Four Letter Word by Knelman and Porter

Whatever it is that's just a bit thrilling about despair, it's the very reason "Long Long Time" has been running through my head for about fifteen years. Linda Ronstadt warbling the entire spectrum of human emotion, with no intention of cheering up anytime soon, and though it's enough to make tears pool at the brim of your eye, you're not going to cry. As another song goes, "It's only love, and that is all... but it's so hard..."

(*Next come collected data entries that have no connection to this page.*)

(* Let $\mathbf p$ be an agreeable memory-one strategy for X with $p_2<1$. (a) If $\mathbf p$ is good, then whenever Y uses a memory-one strategy $\mathbf q$ that is not agreeable (with any initial plays), every associated limit distribution gives $s_Y<R$. (b) If $\mathbf p$ is not good, then for at least one of the two memory-one strategies $\mathbf q=(0,0,0,0)$ or $\mathbf q=(0,1,1,1)$ for Y, every associated limit distribution gives $s_Y\ge R$ and $s_X<R$. (c) If $\mathbf p$ is not of Nash type, then for at least one of the two memory-one strategies $\mathbf q=(0,0,0,0)$ or $\mathbf q=(0,1,1,1)$ for Y, every associated limit distribution gives $s_Y>R$ and $s_X<R$.
   Context: Iterated Prisoner's Dilemma: payoffs $T>R>P>S$ with $2R>T+S$; outcomes of a round are ordered $cc,cd,dc,dd$ (first letter X's play, second Y's; $c$ = cooperate, $d$ = defect); payoff vectors $\mathbf S_X=(R,S,T,P)$, $\mathbf S_Y=(R,T,S,P)$. A memory-one strategy for X is $\mathbf p=(p_1,p_2,p_3,p_4)\in[0,1]^4$, where $p_i$ is the probability that X plays $c$ in the next round given that the current round had the $i$-th outcome. A memory-one strategy for Y is $\mathbf q=(q_1,q_2,q_3,q_4)\in[0,1]^4$ where $q_1,q_2,q_3,q_4$ are the probabilities that Y plays $c$ after the outcomes $cc,dc,cd,dd$ respectively (i.e. indexed from Y's own perspective). A strategy pattern for Y is an arbitrary (possibly randomized and history-dependent) rule for Y's play in each round. Given initial plays and the rules used, let $\mathbf v^n$ be the probability distribution of the outcome of round $n$; a limit distribution is any limit point $\mathbf v$ of the Cesàro averages $\frac1n\sum_{k=1}^n\mathbf v^k$, and the associated expected payoffs are $s_X=\langle\mathbf v\cdot\mathbf S_X\rangle$, $s_Y=\langle\mathbf v\cdot\mathbf S_Y\rangle$. A strategy is agreeable if its first entry is $1$. $\mathbf p$ is of Nash type if it is agreeable and, for every strategy pattern of Y and every associated limit distribution, $s_Y\ge R$ implies $s_Y=R$. $\mathbf p$ is good if it is agreeable and, for every strategy pattern of Y and every associated limit distribution, $s_Y\ge R$ implies $s_Y=s_X=R$. *)

theory Defs
  imports Complex_Main
begin

text \<open>An outcome of a round is a pair (X cooperates?, Y cooperates?);
  True = c, False = d.  So cc = (True,True), cd = (True,False),
  dc = (False,True), dd = (False,False).\<close>
type_synonym outcome = "bool \<times> bool"

type_synonym mem1 = "real \<times> real \<times> real \<times> real"

definition valid_mem1 :: "mem1 \<Rightarrow> bool" where
  "valid_mem1 p = (case p of (p1, p2, p3, p4) \<Rightarrow>
      0 \<le> p1 \<and> p1 \<le> 1 \<and> 0 \<le> p2 \<and> p2 \<le> 1 \<and> 0 \<le> p3 \<and> p3 \<le> 1 \<and> 0 \<le> p4 \<and> p4 \<le> 1)"

definition agreeable :: "mem1 \<Rightarrow> bool" where
  "agreeable p = (fst p = 1)"

fun pX :: "mem1 \<Rightarrow> outcome \<Rightarrow> real" where
  "pX (p1, p2, p3, p4) (x, y) =
     (if x then (if y then p1 else p2) else (if y then p3 else p4))"

text \<open>Y's memory-one strategy q=(q1,q2,q3,q4): probabilities after cc, dc, cd, dd from
  Y's own perspective (Y's play first), i.e. after X-first outcomes cc, cd... namely
  q2 is used when Y played c and X played d, q3 when Y played d and X played c.\<close>
fun qY :: "mem1 \<Rightarrow> outcome \<Rightarrow> real" where
  "qY (q1, q2, q3, q4) (x, y) =
     (if y then (if x then q1 else q2) else (if x then q3 else q4))"

text \<open>A strategy pattern for Y: for each history (chronological list of past outcomes)
  the probability that Y cooperates in the next round.\<close>
definition valid_pattern :: "(outcome list \<Rightarrow> real) \<Rightarrow> bool" where
  "valid_pattern ys = (\<forall>h. 0 \<le> ys h \<and> ys h \<le> 1)"

definition mem1_pattern :: "bool \<Rightarrow> mem1 \<Rightarrow> outcome list \<Rightarrow> real" where
  "mem1_pattern y0 q h = (if h = [] then (if y0 then 1 else 0) else qY q (last h))"

definition step_prob :: "bool \<Rightarrow> mem1 \<Rightarrow> (outcome list \<Rightarrow> real) \<Rightarrow> outcome list \<Rightarrow> outcome \<Rightarrow> real" where
  "step_prob x0 p ys h oc =
     (let a = (if h = [] then (if x0 then 1 else 0) else pX p (last h));
          b = ys h
      in (if fst oc then a else 1 - a) * (if snd oc then b else 1 - b))"

fun hist_prob_rev :: "bool \<Rightarrow> mem1 \<Rightarrow> (outcome list \<Rightarrow> real) \<Rightarrow> outcome list \<Rightarrow> real" where
  "hist_prob_rev x0 p ys [] = 1"
| "hist_prob_rev x0 p ys (oc # rh) = hist_prob_rev x0 p ys rh * step_prob x0 p ys (rev rh) oc"

definition hist_prob :: "bool \<Rightarrow> mem1 \<Rightarrow> (outcome list \<Rightarrow> real) \<Rightarrow> outcome list \<Rightarrow> real" where
  "hist_prob x0 p ys h = hist_prob_rev x0 p ys (rev h)"

text \<open>Distribution v^n of the outcome of round n (n \<ge> 1).\<close>
definition round_dist :: "bool \<Rightarrow> mem1 \<Rightarrow> (outcome list \<Rightarrow> real) \<Rightarrow> nat \<Rightarrow> outcome \<Rightarrow> real" where
  "round_dist x0 p ys n oc =
     (\<Sum>h\<in>{h. length h = n \<and> h \<noteq> [] \<and> last h = oc}. hist_prob x0 p ys h)"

Only love. As wrong as the most empty conjunction I've ever read: "mere happiness." How much its writer mustn't know, for there is nothing "mere" about happiness. And there is also nothing "only" about love, but who wishes to be "mere" or "only" anyway? With just a simple injection of despair ("living in the memory of a love that never was") love is elevated to the stuff of epic drama, or at the very least the stuff of cheesy seventies pop lyrics. Warble warble warble.

Which is not to say that Four Letter Word is the stuff of pop lyrics, warbled or otherwise. Rather than this book has set me thinking about love, what we make of it. And what happens to love when we set it down in letters, here letters in the fictional: an ingenious premise for an anthology. By some absolutely brilliant writers, including some of my favourites, and a dust jacket to die for (I wish you could see the spine and how it's printed like a whole packet of different sized and coloured letters, all gathered by a ribbon thank you Kelly Hill).

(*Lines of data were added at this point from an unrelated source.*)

lemma convergent_inner_if_convergent_on_range:
  fixes x :: "nat \<Rightarrow> 'a::{real_inner,complete_space}"
  assumes "bounded (range x)" and "\<And>m. convergent (\<lambda>n. inner (x n) (x m))"
  shows "convergent (\<lambda>n. inner (x n) y)"
proof -
  define G where "G = {y. convergent (\<lambda>n. inner (x n) y)}"
  define M where "M = closure (span (range x))"
  have "M \<subseteq> G" unfolding M_def G_def
    using assms by (intro closure_minimal span_minimal subspace_inner_convergent closed_inner_convergent) auto
  have M: "subspace M" "closed M" unfolding M_def by (auto intro: subspace_closure)
  let ?q = "metric_proj M y"
  have "x n \<in> M" for n
    unfolding M_def by (meson closure_subset rangeI span_base subsetD)
  then have "inner (x n) (y - ?q) = 0" for n
    using metric_proj_orthogonal[OF M] by (simp add: inner_commute)
  then have "y - ?q \<in> G" by (simp add: G_def convergent_const)
  moreover have "?q \<in> G" using metric_proj_in_subspace[OF M] \<open>M \<subseteq> G\<close> by blast
  ultimately have "?q + (y - ?q) \<in> G"
    using subspace_add[OF subspace_inner_convergent[of x]] unfolding G_def by blast
  then show ?thesis by (simp add: G_def)
qed

lemma weak_conv_if_inner_convergent:
  fixes x :: "nat \<Rightarrow> 'a::{real_inner,complete_space}"
  assumes "bounded (range x)" and "\<And>y. convergent (\<lambda>n. inner (x n) y)"
  obtains u where "weak_conv x u"
proof -
  have lim: "(\<lambda>n. inner (x n) y) \<longlonglongrightarrow> lim (\<lambda>n. inner (x n) y)" for y
    using assms(2) by (simp add: convergent_LIMSEQ_iff)
  obtain B where B: "\<And>n. norm (x n) \<le> B" using assms by (auto simp: bounded_iff)
  have "bounded_linear (\<lambda>y. lim (\<lambda>n. inner (x n) y))"
  proof (rule bounded_linear_intro)
    show "lim (\<lambda>n. inner (x n) (a + b)) = lim (\<lambda>n. inner (x n) a) + lim (\<lambda>n. inner (x n) b)" for a b
      using tendsto_add[OF lim lim] by (intro limI) (simp add: inner_add_right)
    show "lim (\<lambda>n. inner (x n) (c *\<^sub>R a)) = c *\<^sub>R lim (\<lambda>n. inner (x n) a)" for c a
      using tendsto_mult[OF tendsto_const lim] by (intro limI) simp
    show "norm (lim (\<lambda>n. inner (x n) y)) \<le> norm y * B" for y
    proof (rule LIMSEQ_le_const2)
      show "(\<lambda>n. norm (inner (x n) y)) \<longlonglongrightarrow> norm (lim (\<lambda>n. inner (x n) y))"
        by (intro tendsto_intros lim)
      show "\<exists>N. \<forall>n\<ge>N. norm (inner (x n) y) \<le> norm y * B"
        using order_trans[OF Cauchy_Schwarz_ineq2 mult_right_mono[OF B]] by (auto simp: mult.commute)
    qed
  qed
  then obtain u where "\<And>y. lim (\<lambda>n. inner (x n) y) = inner u y"
    using bounded_linear_inner_representation by blast
  then have "weak_conv x u" unfolding weak_conv_def using lim by simp
  then show ?thesis by (rule that)
qed

lemma bounded_imp_weak_convergent_subseq:
  fixes x :: "nat \<Rightarrow> 'a::{real_inner,complete_space}"
  assumes "bounded (range x)"
  obtains r u where "strict_mono r" and "weak_conv (x \<circ> r) u"
proof -
  obtain r where "strict_mono r" and conv: "\<And>m. convergent (\<lambda>n. inner (x (r n)) (x m))"
    using bounded_subseq_inner_convergent[OF assms] by blast
  moreover have "bounded (range (x \<circ> r))"
    using assms by (rule bounded_subset) auto
  moreover have "convergent (\<lambda>n. inner ((x \<circ> r) n) ((x \<circ> r) m))" for m
    using conv by simp
  ultimately show ?thesis
    using weak_conv_if_inner_convergent convergent_inner_if_convergent_on_range that by metis
qed

lemma weak_conv_limit_in_closed_convex:
  fixes C :: "'a::{real_inner,complete_space} set"
  assumes "closed C" and "convex C" and x_in: "\<And>n. x n \<in> C" and "weak_conv x u"
  shows "u \<in> C"
proof -
  have C: "C \<noteq> {}" "closed C" "convex C" using assms by auto
  let ?q = "metric_proj C u"
  have "(\<lambda>n. inner (x n) (u - ?q) - inner ?q (u - ?q)) \<longlonglongrightarrow> inner u (u - ?q) - inner ?q (u - ?q)"
    using \<open>weak_conv x u\<close> unfolding weak_conv_def by (intro tendsto_diff tendsto_const) auto
  moreover have "inner (u - ?q) (v - ?q) = inner v (u - ?q) - inner ?q (u - ?q)" for v
    by (simp add: inner_commute inner_diff_right)
  ultimately have "(\<lambda>n. inner (u - ?q) (x n - ?q)) \<longlonglongrightarrow> inner (u - ?q) (u - ?q)"
    by (simp only:)
  moreover have "inner (u - ?q) (x n - ?q) \<le> 0" for n
    using x_in by (rule metric_proj_variational_ineq[OF C])
  ultimately have "inner (u - ?q) (u - ?q) \<le> 0" by (intro LIMSEQ_le_const2) auto
  then have "u - ?q = 0" by (metis inner_eq_zero_iff inner_ge_zero order.antisym)
  then have "?q = u" by (simp only: right_minus_eq)
  then show ?thesis using metric_proj_in[OF C, of u] by (simp only:)
qed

These fictional love letters were collected by editors Rosalind Porter and Joshua Knelman in order to "resurrect [the] dying custom [of the love letter] and to remind us of how seductive words are." Indeed, these letters manage to seduce us with entire stories, communicated in one voice with limited perspective, often with second-person narration, some in just mere paragraphs. What a literary feat, I think, for what results is not a gimmick, epistolary indulgence, but storied stories, with all the voice, character and plot one would look for in such a thing.

And that it's not "only love" and very rarely "mere happiness" which run through these stories is unsurprising, considering their form. As romantic as love letter might be, they're indeed a sign of something gone wrong, for shouldn't lovers be together? Kept apart by distance, death or fate would bring inevitable despair. Peter Behrens' soldier writing from the front, traumatized by France 1944. Nick Laid's Ruth writing to her deceased father: "Do not come back to us. Do not come back." Joseph Boyden's husband looking for his wife in post-Katrina New Orleans: "I didn't want to let go of your hand."

Certainly there is darkness here, letters by vulnerable children with no idea of the burdens they bear. Letters which we, the readers, know will inevitably go unsent, unreceived or unread. But there is considerable humour too, even amongst the despair. From a lovelorn chimp to "Miss Primatologist Lady in the Bush Sometimes". Lionel Shriver's Alisha's emails, increasingly erratic as she's not responded to. Tessa Brown's letters in which a lover scorned critiques her boyfriend's phone messages are disturbingly amusing (with footnotes).

Interesting that the stories here which come closest to "mere happiness" are not written to people at all: James Robertson's ode to hillwalking, Jan Morris's song to her house. The always-impressive Chimamanda Ngozie Adichie does write a letter tinged by possibility rather than loss, and driven by an undercurrent of joy.

Four Letter Word is useful on a variety of levels: being definitely readable, time slipping by like the letters were true and addressed to you. Inspiring thoughts of what love means, today and for always. Providing exposure to a variety of contemporary writers from a variety of locales and even (!!) some in translation. And being completely unlike any anthology I've ever encountered before, a whimsical exercise resulting in a collection with literary solidity and truth.